As with all designs, it's worthwhile to strive for data independence whenever possible. That's the purpose of the *RBnodeb* class. This class is derived from the *Bnodeb* class of Chapter 10, and adds a *color *field, but no other data. The color field represents the color of the link coming into the node--0 for red, 1 for black. We've represented color as a character, which represents additional overhead in every red-black node. Actually, only one bit is required. In your own classes, you may be able to arrange this bit to be stored in some unused location in the node's data field. An alternative representation would have colors associated with the child links, rather than the nodes themselves.
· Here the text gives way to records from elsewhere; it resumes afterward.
lemma exists_light_block:
  assumes ortho: "orthonormal_list (2^n) bs" and len: "length bs = q * c" and "0 < q"
    and ys: "\<forall>y\<in>set ys. dim_vec y = 2^n * 2^w \<and> vnorm y = 1"
  shows "\<exists>m<q. (\<Sum>y\<leftarrow>ys. slice_weight n w (map ((!) bs) [m * c..<m * c + c]) y) \<le> length ys / q"
proof -
  let ?f = "\<lambda>m. \<Sum>y\<leftarrow>ys. slice_weight n w (map ((!) bs) [m * c..<m * c + c]) y"
  have "(\<Sum>m<q. ?f m) = (\<Sum>y\<leftarrow>ys. \<Sum>m<q. slice_weight n w (map ((!) bs) [m * c..<m * c + c]) y)"
    by (induction ys) (simp_all add: sum.distrib)
  also have "\<dots> \<le> (\<Sum>y\<leftarrow>ys. 1)"
    using ys sum_slice_weight_blocks_le[OF ortho len] by (intro sum_list_mono) fastforce
  finally have "(\<Sum>m<q. ?f m) / card {..<q} \<le> length ys / q"
    using \<open>0 < q\<close> by (simp add: sum_list_triv divide_right_mono)
  then show ?thesis
    using exists_le_average[of "{..<q}" ?f] \<open>0 < q\<close> by fastforce
qed

lemma sqrt_mult_div_le_powr_sixth:
  fixes p :: real
  assumes "even n" "0 \<le> p"
  shows "sqrt (p * (p / (2 ^ (n div 2) + 1))) \<le> p * 2 powr (- real n / 6)"
proof -
  obtain k where k: "n = 2 * k"
    using assms(1) by (rule evenE)
  have "(2::real) powr (real n / 6) \<le> 2 powr (real k / 2)"
    unfolding k by (intro powr_mono) auto
  also have "(2::real) powr (real k / 2) = sqrt (2 ^ (n div 2))"
    unfolding k by (simp add: powr_half_sqrt[symmetric] powr_powr powr_realpow[symmetric])
  also have "\<dots> \<le> sqrt (2 ^ (n div 2) + 1)"
    by simp
  finally have le: "2 powr (real n / 6) \<le> sqrt (2 ^ (n div 2) + 1)" .
  have "sqrt (p * (p / (2 ^ (n div 2) + 1))) = p / sqrt (2 ^ (n div 2) + 1)"
    using assms(2) by (simp add: real_sqrt_mult real_sqrt_divide)
  also have "\<dots> \<le> p / 2 powr (real n / 6)"
    by (rule divide_left_mono[OF le assms(2)]) (simp add: add_pos_nonneg)
  also have "\<dots> = p * 2 powr (- real n / 6)"
    by (simp add: powr_minus_divide)
  finally show ?thesis .
qed

theorem mainTheorem4:
  fixes n w :: nat and U0 :: "complex mat" and Us :: "complex mat list"
    and init \<psi> :: "complex vec"
  assumes "even n"
    and "unitary_mat (2^n * 2^w) U0"
    and "\<forall>U\<in>set Us. unitary_mat (2^n * 2^w) U"
    and "init \<in> carrier_vec (2^n * 2^w)" and "vnorm init = 1"
    and "\<psi> \<in> carrier_vec (2^n)" and "vnorm \<psi> = 1"
  shows "\<exists>bs. orthonormal_list (2^n) bs \<and> length bs = 2^(n div 2) \<and> in_span \<psi> bs \<and>
           vnorm (final_state n w U0 Us (state_oracle (2^n) \<psi>) init
                  - final_state n w U0 Us (refl_oracle (2^n) bs) init)
             \<le> 2 * real (length Us) * 2 powr (- real n / 6)"
proof -
  define D :: nat where "D = 2 ^ (n div 2)"
  obtain rest where rest: "orthonormal_list (2^n) (\<psi> # rest)"
    and len: "length rest = (D + 1) * (D - 1)"
    using orthonormal_list_extend_blocks[OF \<open>even n\<close> carrier_vecD[OF assms(6)] assms(7)]
    unfolding D_def by blast
  define ys where "ys = query_states (lift_oracle n w (state_oracle (2^n) \<psi>)) Us (U0 *\<^sub>v init)"
  have unit: "\<forall>y\<in>set ys. dim_vec y = 2^n * 2^w \<and> vnorm y = 1"
    using query_states_unit[OF assms(2,3) carrier_vecD[OF assms(4)] assms(5)]
      orthonormal_list_Cons_block[OF rest, of 0 0] unfolding ys_def by simp
  obtain m where "m < D + 1"
    and light: "(\<Sum>y\<leftarrow>ys. slice_weight n w (map ((!) rest) [m * (D - 1)..<m * (D - 1) + (D - 1)]) y)
      \<le> length Us / (D + 1)"
    using exists_light_block[OF orthonormal_list_ConsD[OF rest] len _ unit] by (auto simp: ys_def)
  let ?S = "\<psi> # map ((!) rest) [m * (D - 1)..<m * (D - 1) + (D - 1)]"
  have "m * (D - 1) + (D - 1) \<le> length rest"
    using \<open>m < D + 1\<close> len by (simp add: add_mult_distrib[symmetric])
  then have ortho: "orthonormal_list (2^n) ?S"
    by (rule orthonormal_list_Cons_block[OF rest])
  have "vnorm (final_state n w U0 Us (state_oracle (2^n) \<psi>) init
        - final_state n w U0 Us (refl_oracle (2^n) ?S) init)
      \<le> 2 * sqrt (length Us *
        (\<Sum>y\<leftarrow>ys. slice_weight n w (map ((!) rest) [m * (D - 1)..<m * (D - 1) + (D - 1)]) y))"
    using final_state_distance_le[OF assms(2,3) carrier_vecD[OF assms(4)] ortho] unfolding ys_def .
  also have "\<dots> \<le> 2 * sqrt (length Us * (length Us / (2 ^ (n div 2) + 1)))"
    using light unfolding D_def by (intro mult_left_mono real_sqrt_le_mono) (simp_all add: add.commute)
  also have "\<dots> \<le> 2 * real (length Us) * 2 powr (- real n / 6)"
    using sqrt_mult_div_le_powr_sixth[OF \<open>even n\<close>, of "length Us"] by simp
  finally show ?thesis
    using ortho in_span_Cons unfolding D_def by fastforce
qed

end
However, this requires two bits per node, rather than one.

Since *RBnodeb* is derived from *Bnodeb*, it can be used in many generic binary tree functions--such as the tree-traversal functions or the tree-walking iterators. The *RBnode* class is a template derived from *RBnodeb* that adds data to the node. Unfortunately, an *RBnode* object cannot be substituted for a *Bnode* object (a binary node with data), since the *info* field of these two types of nodes is at a different offset in the node structure. As usual, convenience functions *Left( )* and *Right( )* are supplied to help alleviate type casting problems. The details are given on disk.
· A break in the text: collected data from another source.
theorem lemma2p8:
  fixes \<Omega> :: "'a::euclidean_space set" and \<alpha> \<epsilon> :: real and \<phi> :: "'a \<Rightarrow> 'a"
  assumes "open \<Omega>" and "connected \<Omega>" and "bounded \<Omega>"
    and "0 < \<alpha>" and "\<alpha> < 1"
    and "Cc_infty \<Omega> \<phi>"
    and "local_variation \<epsilon> \<Omega> (\<lambda>t x. x + t *\<^sub>R \<phi> x)"
  shows "\<exists>\<epsilon>0 L. 0 < \<epsilon>0 \<and> \<epsilon>0 < \<epsilon> \<and> 0 < L \<and>
    (\<forall>t E F. \<bar>t\<bar> < \<epsilon>0 \<longrightarrow> E \<in> sets lebesgue \<longrightarrow> F \<in> sets lebesgue \<longrightarrow>
       E \<subseteq> \<Omega> \<longrightarrow> F \<subseteq> \<Omega> \<longrightarrow> frac_perimeter \<alpha> E < \<infinity> \<longrightarrow>
       \<bar>measure lebesgue ((\<lambda>x. x + t *\<^sub>R \<phi> x) ` E \<inter> F) - measure lebesgue (E \<inter> F)\<bar>
         \<le> L * \<bar>t\<bar> powr \<alpha> * enn2real (frac_perimeter \<alpha> E) \<and>
       measure lebesgue (((\<lambda>x. x + t *\<^sub>R \<phi> x) ` E - E) \<union> (E - (\<lambda>x. x + t *\<^sub>R \<phi> x) ` E))
         \<le> L * \<bar>t\<bar> powr \<alpha> * enn2real (frac_perimeter \<alpha> E))"
proof -
  obtain \<epsilon>_pos: "0 < \<epsilon>" and diffeo: "\<And>t. \<bar>t\<bar> < \<epsilon> \<Longrightarrow> diffeomorphism (\<lambda>x. x + t *\<^sub>R \<phi> x)"
    using assms(7) by (auto simp: local_variation_def abs_less_iff)
  obtain M where M: "0 < M" "\<And>x. norm (\<phi> x) \<le> M"
    using Cc_infty_bounded[OF assms(6)] by (auto simp: bounded_pos)
  obtain B where B: "B-lipschitz_on UNIV \<phi>"
    using Cc_infty_lipschitz[OF assms(6)] .
  define L where "L = 1 + \<epsilon> * B"
  have L: "0 < L"
    using \<epsilon>_pos lipschitz_on_nonneg[OF B] by (simp add: L_def add_pos_nonneg)
  define C where "C = (L ^ DIM('a) * 2 powr (real DIM('a) + \<alpha>) + 1) / measure lebesgue (ball (0::'a) 1) * M powr \<alpha>"
  have "0 < C"
    using L M by (simp add: C_def add_nonneg_pos)
  have "\<bar>measure lebesgue ((\<lambda>x. x + t *\<^sub>R \<phi> x) ` E \<inter> F) - measure lebesgue (E \<inter> F)\<bar>
      \<le> C * \<bar>t\<bar> powr \<alpha> * enn2real (frac_perimeter \<alpha> E) \<and>
    measure lebesgue (sym_diff ((\<lambda>x. x + t *\<^sub>R \<phi> x) ` E) E)
      \<le> C * \<bar>t\<bar> powr \<alpha> * enn2real (frac_perimeter \<alpha> E)"
    if t: "\<bar>t\<bar> < \<epsilon> / 2" and E: "E \<in> sets lebesgue" "E \<subseteq> \<Omega>" and F: "F \<in> sets lebesgue"
      and P: "frac_perimeter \<alpha> E < \<infinity>" for t E F
  proof -
    have f: "diffeomorphism (\<lambda>x. x + t *\<^sub>R \<phi> x)"
      using t by (intro diffeo) simp
    have lip: "L-lipschitz_on UNIV (\<lambda>x. x + t *\<^sub>R \<phi> x)"
      unfolding L_def using t by (intro lipschitz_on_add_scaleR[OF B]) simp
    have disp: "dist (x + t *\<^sub>R \<phi> x) x \<le> \<bar>t\<bar> * M" for x
      using M(2)[of x] by (simp add: dist_norm mult_left_mono)
    note estimates = measure_diffeomorphism_image_estimates[OF f lip L disp less_imp_le[OF assms(4)]
        E(1) bounded_subset[OF assms(3) E(2)] F P]
    show ?thesis
      using estimates M assms(4) by (simp add: C_def powr_mult mult_ac)
  qed
  then show ?thesis
    using \<epsilon>_pos \<open>0 < C\<close> by (intro exI[of _ "\<epsilon> / 2"] exI[of _ C]) auto
qed

end
lemma compact_Int_sublevel:
  fixes f :: "'a::t2_space \<Rightarrow> real"
  assumes "compact K" "continuous_on K f"
  shows "compact (K \<inter> {x. f x \<le> a})"
proof -
  have "closed (K \<inter> f -` {..a})"
    by (rule continuous_closed_preimage[OF assms(2) compact_imp_closed[OF assms(1)]]) simp
  then have "compact (K \<inter> (K \<inter> f -` {..a}))" by (rule compact_Int_closed[OF assms(1)])
  then show ?thesis by (simp add: vimage_def Int_def)
qed

lemma compact_pos_lower_bound:
  fixes F :: "'a::topological_space \<Rightarrow> real"
  assumes "compact K" "continuous_on K F" "\<forall>x\<in>K. 0 < F x"
  shows "\<exists>m>0. \<forall>x\<in>K. m \<le> F x"
proof (cases "K = {}")
  case True
  then show ?thesis by (intro exI[of _ 1]) auto
next
  case False
  from continuous_attains_inf[OF assms(1) False assms(2)] assms(3) show ?thesis by blast
qed

lemma compact_pos_near_zero_set:
  fixes f F :: "'a::t2_space \<Rightarrow> real"
  assumes K: "compact K" and f: "continuous_on K f" and F: "continuous_on K F"
    and nonneg: "\<forall>x\<in>K. 0 \<le> f x" and pos: "\<forall>x\<in>K. f x = 0 \<longrightarrow> 0 < F x"
  shows "\<exists>\<eta>>0. \<forall>x\<in>K. f x < \<eta> \<longrightarrow> 0 < F x"
proof -
  let ?C = "K \<inter> {x. F x \<le> 0}"
  have "compact ?C" by (rule compact_Int_sublevel[OF K F])
  moreover have "continuous_on ?C f" by (rule continuous_on_subset[OF f]) auto
  moreover have "\<forall>x\<in>?C. 0 < f x" using nonneg pos by force
  ultimately obtain \<eta> where "\<eta> > 0" "\<forall>x\<in>?C. \<eta> \<le> f x"
    using compact_pos_lower_bound by blast
  then show ?thesis by (metis (mono_tags, lifting) IntI mem_Collect_eq not_le)
qed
The *RBtree* class implements red-black trees as concrete data types, with the appropriate constructors, destructors, assignment functions, and other supporting functions. This class is very similar in design to the *Bstree* class developed in Chapter 10. We'll look only at the main operations of searching, inserting, and deleting. The remaining details are given on disk.

template<class TYPE>

class RBtree {

protected:

RBnode<TYPE> *root;

// Other protected functions--such as AllocNode( ), DupTree( ),

// FreeNode( ), and DelTree( )...

public:

RBnode<TYPE> *Member(const TYPE &x);

RBnode<TYPE> *Add(const TYPE &x, int &existed);

RBnode<TYPE> *Detach(const TYPE &x);

int Delete(const TYPE &x);

// Constructor functions, plus other functions for copying,

// clearing, and deleting trees, and functions for handling

// min/max elements, and so forth...

};

Complete code for red-black trees is given on disk in the files *RBnode.h, RBtree.h,* *RBtreeb.cpp,* and *RBtree.mth*. A test program is given in the files *tstrb.cpp* and *tsttree.cpp*. Many of the files from Chapter 10 are used as support files.

A red-black tree can be searched in the same way as an ordinary binary search tree, as the following *Member( )* function shows. Note that the colors of the nodes are not used in the search. The fact that the tree is balanced in no way impinges on the searching code (other than to make the searches faster due to shorter trees, of course).

template<class TYPE>

RBnode<TYPE> *RBtree<TYPE>::Member(const TYPE &x)

// Returns pointer to node containing data x if

// such a node is in the tree t; otherwise, a 0 is returned

// ASSUMES TYPE has '<' and '==' defined.

{

RBnode<TYPE> *t = root;

while (t) {

if (x == t->info) break;

t = (x < t->info) ? t->Left( ) : t->Right( );

}

return t;

}

We described an insertion process earlier for 2-3-4 trees that involved two passes: a top-down pass to determine where the new key should go, and a bottom-up pass to handle any full 4-nodes that need to be split. It's possible to do the insertion in a single top-down pass, and that's the method we'll use for red-black trees.

Single-pass top-down insertions can be done by ensuring that the new key won't be added to a full leaf node. We can do this by splitting any 4-node we see on the path to the leaf into two 2-nodes. Splitting a 4-node, as represented with red-black nodes, is particularly easy. As Figure 11.14 illustrates, the process involves three color flips, and that's all. Note how the two child links are turned to black, but the parent link is turned to red. This is done to preserve the black-depths of the external nodes 1, 2, 3, and 4 (which may be subtrees). In all the red-black tree transformations to follow, we always ensure that the relative black-depths of the external nodes or subtrees are preserved. That way, we can guarantee that the new tree will still be a valid red-black tree. A side effect is that the tree will be kept as balanced as possible.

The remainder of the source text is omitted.